START Records

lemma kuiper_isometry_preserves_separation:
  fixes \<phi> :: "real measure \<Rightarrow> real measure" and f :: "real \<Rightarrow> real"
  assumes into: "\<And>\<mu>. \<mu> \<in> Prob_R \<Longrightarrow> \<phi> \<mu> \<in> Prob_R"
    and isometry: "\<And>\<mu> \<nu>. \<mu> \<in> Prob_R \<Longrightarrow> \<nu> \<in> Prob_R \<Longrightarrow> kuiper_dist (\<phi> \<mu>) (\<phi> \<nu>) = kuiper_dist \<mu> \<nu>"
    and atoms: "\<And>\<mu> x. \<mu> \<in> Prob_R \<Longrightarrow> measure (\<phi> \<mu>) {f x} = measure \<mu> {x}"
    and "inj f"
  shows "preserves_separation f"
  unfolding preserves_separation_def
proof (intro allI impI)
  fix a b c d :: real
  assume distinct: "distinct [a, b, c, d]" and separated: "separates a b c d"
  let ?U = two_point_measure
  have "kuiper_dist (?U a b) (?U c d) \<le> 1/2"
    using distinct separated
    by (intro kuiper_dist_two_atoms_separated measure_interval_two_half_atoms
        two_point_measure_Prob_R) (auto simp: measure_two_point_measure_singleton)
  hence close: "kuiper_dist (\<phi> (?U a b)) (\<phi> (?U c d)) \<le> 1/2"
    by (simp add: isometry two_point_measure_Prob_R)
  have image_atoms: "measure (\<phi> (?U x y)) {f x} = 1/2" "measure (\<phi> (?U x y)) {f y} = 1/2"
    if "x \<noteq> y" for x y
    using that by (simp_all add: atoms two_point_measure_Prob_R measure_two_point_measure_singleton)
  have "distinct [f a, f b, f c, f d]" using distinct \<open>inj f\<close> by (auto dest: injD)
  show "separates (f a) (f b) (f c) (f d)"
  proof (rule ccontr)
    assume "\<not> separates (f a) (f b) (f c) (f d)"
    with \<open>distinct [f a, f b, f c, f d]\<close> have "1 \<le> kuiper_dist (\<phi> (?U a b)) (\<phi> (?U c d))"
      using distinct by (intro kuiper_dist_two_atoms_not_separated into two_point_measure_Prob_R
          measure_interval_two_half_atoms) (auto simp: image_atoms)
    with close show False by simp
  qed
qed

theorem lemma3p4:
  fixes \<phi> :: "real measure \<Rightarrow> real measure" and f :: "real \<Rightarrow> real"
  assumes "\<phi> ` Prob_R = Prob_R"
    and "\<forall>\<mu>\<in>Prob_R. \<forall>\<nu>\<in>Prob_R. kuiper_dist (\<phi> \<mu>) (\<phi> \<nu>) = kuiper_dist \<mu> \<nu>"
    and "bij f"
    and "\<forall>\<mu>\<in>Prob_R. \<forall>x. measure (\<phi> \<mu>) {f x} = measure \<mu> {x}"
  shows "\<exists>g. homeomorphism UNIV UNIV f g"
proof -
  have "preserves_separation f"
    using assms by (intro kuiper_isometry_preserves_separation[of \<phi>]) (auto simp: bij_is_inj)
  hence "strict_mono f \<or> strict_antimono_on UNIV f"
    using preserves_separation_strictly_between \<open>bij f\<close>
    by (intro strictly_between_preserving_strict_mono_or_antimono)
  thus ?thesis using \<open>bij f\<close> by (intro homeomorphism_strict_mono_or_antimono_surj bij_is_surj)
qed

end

END Records
START Records

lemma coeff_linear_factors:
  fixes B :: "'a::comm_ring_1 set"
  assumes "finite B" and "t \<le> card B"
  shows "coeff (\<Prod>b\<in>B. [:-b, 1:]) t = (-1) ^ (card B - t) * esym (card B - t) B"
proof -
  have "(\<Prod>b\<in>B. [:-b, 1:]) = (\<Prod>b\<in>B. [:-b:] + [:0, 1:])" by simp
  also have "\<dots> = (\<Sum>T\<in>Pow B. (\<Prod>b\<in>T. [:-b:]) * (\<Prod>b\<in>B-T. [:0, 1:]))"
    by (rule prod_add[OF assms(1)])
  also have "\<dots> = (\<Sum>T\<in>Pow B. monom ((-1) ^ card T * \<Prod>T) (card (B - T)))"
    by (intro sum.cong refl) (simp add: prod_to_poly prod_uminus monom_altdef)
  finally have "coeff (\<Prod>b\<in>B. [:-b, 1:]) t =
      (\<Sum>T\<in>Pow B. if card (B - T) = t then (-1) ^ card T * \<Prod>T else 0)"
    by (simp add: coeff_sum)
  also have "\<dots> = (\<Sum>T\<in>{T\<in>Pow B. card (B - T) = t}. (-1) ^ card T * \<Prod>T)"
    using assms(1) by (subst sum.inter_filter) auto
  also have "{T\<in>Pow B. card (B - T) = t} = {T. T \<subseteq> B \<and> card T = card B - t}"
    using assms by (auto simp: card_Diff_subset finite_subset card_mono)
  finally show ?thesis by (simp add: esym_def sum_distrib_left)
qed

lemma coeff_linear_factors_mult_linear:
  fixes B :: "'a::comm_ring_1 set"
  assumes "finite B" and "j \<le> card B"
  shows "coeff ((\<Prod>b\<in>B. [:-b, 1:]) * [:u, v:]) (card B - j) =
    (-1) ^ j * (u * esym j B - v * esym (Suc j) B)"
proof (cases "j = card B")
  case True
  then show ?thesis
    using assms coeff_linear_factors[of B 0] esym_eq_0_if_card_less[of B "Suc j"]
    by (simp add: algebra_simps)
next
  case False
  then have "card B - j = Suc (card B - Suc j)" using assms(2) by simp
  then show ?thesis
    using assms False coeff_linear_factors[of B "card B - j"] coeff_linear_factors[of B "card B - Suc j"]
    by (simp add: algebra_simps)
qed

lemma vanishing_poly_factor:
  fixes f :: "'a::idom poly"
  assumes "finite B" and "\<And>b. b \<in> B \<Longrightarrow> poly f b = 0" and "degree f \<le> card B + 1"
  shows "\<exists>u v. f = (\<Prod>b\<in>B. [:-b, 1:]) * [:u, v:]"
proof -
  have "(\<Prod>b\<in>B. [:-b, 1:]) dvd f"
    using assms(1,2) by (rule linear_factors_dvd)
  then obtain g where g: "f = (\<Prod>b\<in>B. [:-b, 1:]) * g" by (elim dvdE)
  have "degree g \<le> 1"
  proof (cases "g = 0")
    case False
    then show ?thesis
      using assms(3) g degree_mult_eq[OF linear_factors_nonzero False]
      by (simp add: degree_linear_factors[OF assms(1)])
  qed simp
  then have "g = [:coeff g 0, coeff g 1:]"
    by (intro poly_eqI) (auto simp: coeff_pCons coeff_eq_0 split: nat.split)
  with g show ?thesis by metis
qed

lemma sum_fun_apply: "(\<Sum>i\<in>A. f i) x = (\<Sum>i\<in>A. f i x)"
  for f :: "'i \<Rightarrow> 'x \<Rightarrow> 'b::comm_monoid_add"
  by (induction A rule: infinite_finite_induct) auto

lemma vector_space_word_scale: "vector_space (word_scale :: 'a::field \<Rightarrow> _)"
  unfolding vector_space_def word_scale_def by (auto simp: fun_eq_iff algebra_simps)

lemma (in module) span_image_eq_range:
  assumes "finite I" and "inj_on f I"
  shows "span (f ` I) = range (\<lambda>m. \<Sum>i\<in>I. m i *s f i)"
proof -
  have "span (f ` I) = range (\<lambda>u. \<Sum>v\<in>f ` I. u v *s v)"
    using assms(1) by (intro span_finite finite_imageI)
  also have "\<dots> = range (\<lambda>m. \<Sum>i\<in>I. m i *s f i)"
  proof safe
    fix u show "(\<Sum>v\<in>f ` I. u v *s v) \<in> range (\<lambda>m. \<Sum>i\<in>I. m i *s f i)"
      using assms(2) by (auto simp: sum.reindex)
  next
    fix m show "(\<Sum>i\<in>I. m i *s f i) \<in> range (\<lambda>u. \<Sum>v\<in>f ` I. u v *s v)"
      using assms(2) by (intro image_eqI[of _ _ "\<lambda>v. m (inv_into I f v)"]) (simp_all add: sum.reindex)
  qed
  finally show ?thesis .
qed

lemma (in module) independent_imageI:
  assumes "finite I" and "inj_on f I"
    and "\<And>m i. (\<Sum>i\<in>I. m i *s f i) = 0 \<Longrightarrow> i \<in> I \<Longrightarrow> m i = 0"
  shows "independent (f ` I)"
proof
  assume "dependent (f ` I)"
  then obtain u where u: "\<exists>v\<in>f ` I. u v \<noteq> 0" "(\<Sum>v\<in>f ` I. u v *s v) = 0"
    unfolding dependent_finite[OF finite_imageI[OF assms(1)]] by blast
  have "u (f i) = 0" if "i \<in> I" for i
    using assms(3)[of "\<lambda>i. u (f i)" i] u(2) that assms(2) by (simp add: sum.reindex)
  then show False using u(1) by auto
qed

END Records
START Records

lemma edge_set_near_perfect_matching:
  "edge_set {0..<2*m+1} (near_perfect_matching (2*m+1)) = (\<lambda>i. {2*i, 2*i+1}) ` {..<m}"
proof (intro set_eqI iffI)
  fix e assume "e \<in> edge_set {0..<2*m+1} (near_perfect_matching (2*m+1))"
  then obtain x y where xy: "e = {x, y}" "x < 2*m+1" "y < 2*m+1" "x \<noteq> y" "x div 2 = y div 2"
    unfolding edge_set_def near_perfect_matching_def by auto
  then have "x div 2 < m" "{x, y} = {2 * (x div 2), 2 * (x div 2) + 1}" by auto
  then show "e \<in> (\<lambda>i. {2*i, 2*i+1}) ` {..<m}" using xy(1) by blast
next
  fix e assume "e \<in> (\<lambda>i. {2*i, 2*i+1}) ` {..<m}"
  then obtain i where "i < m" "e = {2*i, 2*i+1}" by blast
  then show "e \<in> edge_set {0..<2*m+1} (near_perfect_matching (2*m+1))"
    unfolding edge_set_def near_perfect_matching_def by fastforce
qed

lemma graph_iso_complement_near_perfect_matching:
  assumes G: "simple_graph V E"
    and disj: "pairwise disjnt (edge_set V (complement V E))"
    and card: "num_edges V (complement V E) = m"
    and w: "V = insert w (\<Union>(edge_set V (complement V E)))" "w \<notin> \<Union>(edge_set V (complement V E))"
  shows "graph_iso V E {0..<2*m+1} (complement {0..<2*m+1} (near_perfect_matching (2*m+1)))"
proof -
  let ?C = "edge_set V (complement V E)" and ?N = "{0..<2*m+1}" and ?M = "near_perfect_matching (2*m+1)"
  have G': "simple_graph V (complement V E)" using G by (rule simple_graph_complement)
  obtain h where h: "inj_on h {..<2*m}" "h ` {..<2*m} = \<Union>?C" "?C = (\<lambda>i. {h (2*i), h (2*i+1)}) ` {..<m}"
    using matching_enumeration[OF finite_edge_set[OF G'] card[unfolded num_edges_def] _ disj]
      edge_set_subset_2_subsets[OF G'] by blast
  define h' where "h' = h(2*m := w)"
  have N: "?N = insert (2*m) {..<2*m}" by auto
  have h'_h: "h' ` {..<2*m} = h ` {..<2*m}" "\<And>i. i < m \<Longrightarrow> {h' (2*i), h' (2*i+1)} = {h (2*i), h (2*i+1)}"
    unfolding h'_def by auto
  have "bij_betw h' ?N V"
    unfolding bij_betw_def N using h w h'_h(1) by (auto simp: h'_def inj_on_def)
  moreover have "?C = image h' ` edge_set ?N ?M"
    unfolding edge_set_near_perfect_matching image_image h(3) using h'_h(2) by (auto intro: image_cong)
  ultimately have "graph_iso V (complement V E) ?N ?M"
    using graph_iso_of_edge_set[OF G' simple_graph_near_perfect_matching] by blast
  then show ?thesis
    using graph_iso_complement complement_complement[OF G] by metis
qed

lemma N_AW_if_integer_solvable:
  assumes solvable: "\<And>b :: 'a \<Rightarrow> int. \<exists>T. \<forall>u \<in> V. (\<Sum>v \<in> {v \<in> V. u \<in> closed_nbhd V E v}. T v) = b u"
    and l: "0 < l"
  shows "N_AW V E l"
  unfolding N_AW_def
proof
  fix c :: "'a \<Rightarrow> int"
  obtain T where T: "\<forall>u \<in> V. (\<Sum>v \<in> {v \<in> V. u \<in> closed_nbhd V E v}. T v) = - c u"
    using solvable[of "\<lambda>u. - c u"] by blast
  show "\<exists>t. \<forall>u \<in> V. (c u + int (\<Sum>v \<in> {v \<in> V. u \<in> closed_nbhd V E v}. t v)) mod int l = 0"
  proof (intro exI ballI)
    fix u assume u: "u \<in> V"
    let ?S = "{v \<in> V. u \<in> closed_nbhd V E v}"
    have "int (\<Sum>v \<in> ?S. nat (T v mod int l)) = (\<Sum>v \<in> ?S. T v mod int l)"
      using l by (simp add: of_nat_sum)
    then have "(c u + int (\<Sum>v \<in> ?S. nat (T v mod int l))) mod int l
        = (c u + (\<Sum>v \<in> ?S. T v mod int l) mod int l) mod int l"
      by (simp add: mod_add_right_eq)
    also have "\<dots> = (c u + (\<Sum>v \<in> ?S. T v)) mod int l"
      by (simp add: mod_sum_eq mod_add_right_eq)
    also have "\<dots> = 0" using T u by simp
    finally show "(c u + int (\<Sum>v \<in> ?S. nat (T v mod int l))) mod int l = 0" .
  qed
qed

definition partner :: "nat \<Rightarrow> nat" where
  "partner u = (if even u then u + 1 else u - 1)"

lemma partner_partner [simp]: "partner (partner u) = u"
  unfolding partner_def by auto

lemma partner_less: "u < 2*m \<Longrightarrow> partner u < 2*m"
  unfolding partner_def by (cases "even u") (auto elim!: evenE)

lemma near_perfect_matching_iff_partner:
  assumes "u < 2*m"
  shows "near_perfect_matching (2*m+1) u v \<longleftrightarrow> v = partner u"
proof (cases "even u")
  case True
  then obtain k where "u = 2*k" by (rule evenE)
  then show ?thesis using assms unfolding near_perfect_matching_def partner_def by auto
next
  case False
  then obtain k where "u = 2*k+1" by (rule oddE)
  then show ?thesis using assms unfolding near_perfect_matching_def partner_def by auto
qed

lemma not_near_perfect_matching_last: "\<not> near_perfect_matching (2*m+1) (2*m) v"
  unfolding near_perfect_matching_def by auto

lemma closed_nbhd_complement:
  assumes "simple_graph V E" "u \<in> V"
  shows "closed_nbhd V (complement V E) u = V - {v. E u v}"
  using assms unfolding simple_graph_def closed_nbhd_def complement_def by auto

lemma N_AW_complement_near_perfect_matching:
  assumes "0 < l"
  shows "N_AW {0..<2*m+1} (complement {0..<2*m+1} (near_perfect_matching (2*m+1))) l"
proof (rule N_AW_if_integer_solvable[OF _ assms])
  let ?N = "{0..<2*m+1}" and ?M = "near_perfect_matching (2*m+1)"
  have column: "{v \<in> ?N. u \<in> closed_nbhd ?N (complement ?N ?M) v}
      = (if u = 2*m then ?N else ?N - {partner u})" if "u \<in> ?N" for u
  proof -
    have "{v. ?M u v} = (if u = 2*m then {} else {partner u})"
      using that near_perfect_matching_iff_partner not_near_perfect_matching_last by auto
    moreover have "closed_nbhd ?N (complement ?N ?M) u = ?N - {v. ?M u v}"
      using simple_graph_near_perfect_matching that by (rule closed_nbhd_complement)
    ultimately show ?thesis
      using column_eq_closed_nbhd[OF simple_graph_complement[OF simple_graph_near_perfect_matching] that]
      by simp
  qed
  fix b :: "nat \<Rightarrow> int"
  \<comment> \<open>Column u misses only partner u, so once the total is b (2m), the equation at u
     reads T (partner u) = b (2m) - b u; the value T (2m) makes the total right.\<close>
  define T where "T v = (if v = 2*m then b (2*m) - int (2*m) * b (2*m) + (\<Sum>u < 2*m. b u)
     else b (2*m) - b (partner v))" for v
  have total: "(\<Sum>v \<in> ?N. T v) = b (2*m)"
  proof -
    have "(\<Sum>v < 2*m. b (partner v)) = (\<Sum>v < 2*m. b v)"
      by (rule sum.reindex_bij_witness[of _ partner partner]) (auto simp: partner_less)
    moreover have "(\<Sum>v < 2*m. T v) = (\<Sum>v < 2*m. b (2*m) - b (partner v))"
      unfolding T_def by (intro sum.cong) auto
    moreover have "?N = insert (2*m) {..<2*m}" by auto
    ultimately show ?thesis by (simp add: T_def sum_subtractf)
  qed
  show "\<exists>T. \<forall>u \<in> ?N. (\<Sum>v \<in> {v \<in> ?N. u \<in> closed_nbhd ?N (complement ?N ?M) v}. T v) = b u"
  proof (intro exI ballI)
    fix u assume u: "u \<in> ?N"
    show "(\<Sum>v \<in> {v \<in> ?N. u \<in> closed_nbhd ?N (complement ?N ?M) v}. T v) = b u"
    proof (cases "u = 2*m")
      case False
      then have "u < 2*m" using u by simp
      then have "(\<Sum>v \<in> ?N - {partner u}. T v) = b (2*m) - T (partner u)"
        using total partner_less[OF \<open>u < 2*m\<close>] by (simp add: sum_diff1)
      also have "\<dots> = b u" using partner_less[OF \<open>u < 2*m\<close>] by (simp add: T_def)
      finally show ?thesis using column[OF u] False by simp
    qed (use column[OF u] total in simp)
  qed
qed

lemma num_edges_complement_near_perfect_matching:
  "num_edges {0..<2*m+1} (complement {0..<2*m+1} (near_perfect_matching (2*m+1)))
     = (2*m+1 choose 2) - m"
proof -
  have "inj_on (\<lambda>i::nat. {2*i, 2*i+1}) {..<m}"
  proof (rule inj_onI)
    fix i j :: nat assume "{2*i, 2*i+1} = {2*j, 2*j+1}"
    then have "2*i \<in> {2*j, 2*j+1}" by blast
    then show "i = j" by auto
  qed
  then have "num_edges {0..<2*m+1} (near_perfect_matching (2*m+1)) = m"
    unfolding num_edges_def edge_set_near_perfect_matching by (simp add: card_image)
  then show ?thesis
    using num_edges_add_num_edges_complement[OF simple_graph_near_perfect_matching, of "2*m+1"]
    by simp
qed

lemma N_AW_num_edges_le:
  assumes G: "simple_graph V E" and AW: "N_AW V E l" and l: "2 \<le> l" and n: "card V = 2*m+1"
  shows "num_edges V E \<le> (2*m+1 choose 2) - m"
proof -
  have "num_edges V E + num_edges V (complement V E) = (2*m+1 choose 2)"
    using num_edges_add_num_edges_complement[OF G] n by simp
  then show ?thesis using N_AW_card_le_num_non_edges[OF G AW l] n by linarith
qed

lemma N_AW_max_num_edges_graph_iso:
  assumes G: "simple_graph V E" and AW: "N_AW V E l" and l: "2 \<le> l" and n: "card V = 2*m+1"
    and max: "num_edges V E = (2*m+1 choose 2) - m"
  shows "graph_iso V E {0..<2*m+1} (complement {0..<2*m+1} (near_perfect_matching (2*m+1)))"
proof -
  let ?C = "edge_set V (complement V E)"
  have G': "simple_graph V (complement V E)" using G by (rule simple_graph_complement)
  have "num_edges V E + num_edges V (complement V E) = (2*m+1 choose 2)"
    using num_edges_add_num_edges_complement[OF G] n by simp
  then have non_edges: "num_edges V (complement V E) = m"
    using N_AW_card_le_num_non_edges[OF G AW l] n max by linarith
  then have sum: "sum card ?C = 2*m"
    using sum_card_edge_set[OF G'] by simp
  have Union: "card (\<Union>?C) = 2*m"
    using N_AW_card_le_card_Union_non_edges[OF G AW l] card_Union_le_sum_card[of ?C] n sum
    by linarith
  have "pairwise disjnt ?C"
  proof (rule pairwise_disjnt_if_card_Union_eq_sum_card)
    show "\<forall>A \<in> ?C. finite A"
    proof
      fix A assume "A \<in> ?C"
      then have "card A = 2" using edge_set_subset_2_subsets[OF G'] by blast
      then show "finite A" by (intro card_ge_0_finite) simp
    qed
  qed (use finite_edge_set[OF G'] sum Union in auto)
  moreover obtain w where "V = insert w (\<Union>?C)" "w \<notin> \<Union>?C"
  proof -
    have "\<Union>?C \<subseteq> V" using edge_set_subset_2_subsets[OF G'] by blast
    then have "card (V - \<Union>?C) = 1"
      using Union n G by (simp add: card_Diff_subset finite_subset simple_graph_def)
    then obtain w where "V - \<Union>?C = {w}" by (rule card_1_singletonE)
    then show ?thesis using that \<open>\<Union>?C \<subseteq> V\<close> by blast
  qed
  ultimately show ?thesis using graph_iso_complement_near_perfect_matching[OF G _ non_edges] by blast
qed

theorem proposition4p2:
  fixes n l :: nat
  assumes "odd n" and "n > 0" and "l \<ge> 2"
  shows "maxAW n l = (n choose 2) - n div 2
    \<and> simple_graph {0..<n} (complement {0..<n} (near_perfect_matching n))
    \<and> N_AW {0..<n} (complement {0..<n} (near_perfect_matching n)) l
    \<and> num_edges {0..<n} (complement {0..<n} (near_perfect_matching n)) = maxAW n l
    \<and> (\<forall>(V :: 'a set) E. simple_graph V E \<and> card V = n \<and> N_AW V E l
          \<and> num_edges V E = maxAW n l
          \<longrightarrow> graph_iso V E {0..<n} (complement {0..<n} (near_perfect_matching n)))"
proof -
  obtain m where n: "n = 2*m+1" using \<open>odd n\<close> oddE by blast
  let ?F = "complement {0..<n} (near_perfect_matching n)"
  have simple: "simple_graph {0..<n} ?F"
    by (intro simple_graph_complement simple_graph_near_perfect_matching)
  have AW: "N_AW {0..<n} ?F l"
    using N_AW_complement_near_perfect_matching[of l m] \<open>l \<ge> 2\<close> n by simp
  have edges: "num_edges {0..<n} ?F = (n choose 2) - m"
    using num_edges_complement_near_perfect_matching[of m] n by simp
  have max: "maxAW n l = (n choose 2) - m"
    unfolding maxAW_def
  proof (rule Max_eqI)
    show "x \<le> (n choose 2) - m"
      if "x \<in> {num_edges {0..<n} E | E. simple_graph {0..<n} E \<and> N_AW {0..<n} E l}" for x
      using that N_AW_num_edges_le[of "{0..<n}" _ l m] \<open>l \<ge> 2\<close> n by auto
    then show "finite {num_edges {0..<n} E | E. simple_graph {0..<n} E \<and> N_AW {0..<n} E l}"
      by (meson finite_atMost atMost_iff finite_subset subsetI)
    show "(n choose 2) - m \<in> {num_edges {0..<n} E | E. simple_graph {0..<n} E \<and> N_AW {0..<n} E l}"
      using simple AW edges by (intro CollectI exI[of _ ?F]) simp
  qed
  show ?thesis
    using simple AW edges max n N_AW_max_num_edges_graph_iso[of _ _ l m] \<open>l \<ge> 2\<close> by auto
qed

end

END Records

▸ What the task requires: For this exercise, output exactly the lines above from the line with "moreover obtain w" to the line with "2) - n div 2", counting both, and leave out the rest.

▸ Solution to the problem:
  moreover obtain w where "V = insert w (\<Union>?C)" "w \<notin> \<Union>?C"
  proof -
    have "\<Union>?C \<subseteq> V" using edge_set_subset_2_subsets[OF G'] by blast
    then have "card (V - \<Union>?C) = 1"
      using Union n G by (simp add: card_Diff_subset finite_subset simple_graph_def)
    then obtain w where "V - \<Union>?C = {w}" by (rule card_1_singletonE)
    then show ?thesis using that \<open>\<Union>?C \<subseteq> V\<close> by blast
  qed
  ultimately show ?thesis using graph_iso_complement_near_perfect_matching[OF G _ non_edges] by blast
qed

theorem proposition4p2:
  fixes n l :: nat
  assumes "odd n" and "n > 0" and "l \<ge> 2"
  shows "maxAW n l = (n choose 2) - n div 2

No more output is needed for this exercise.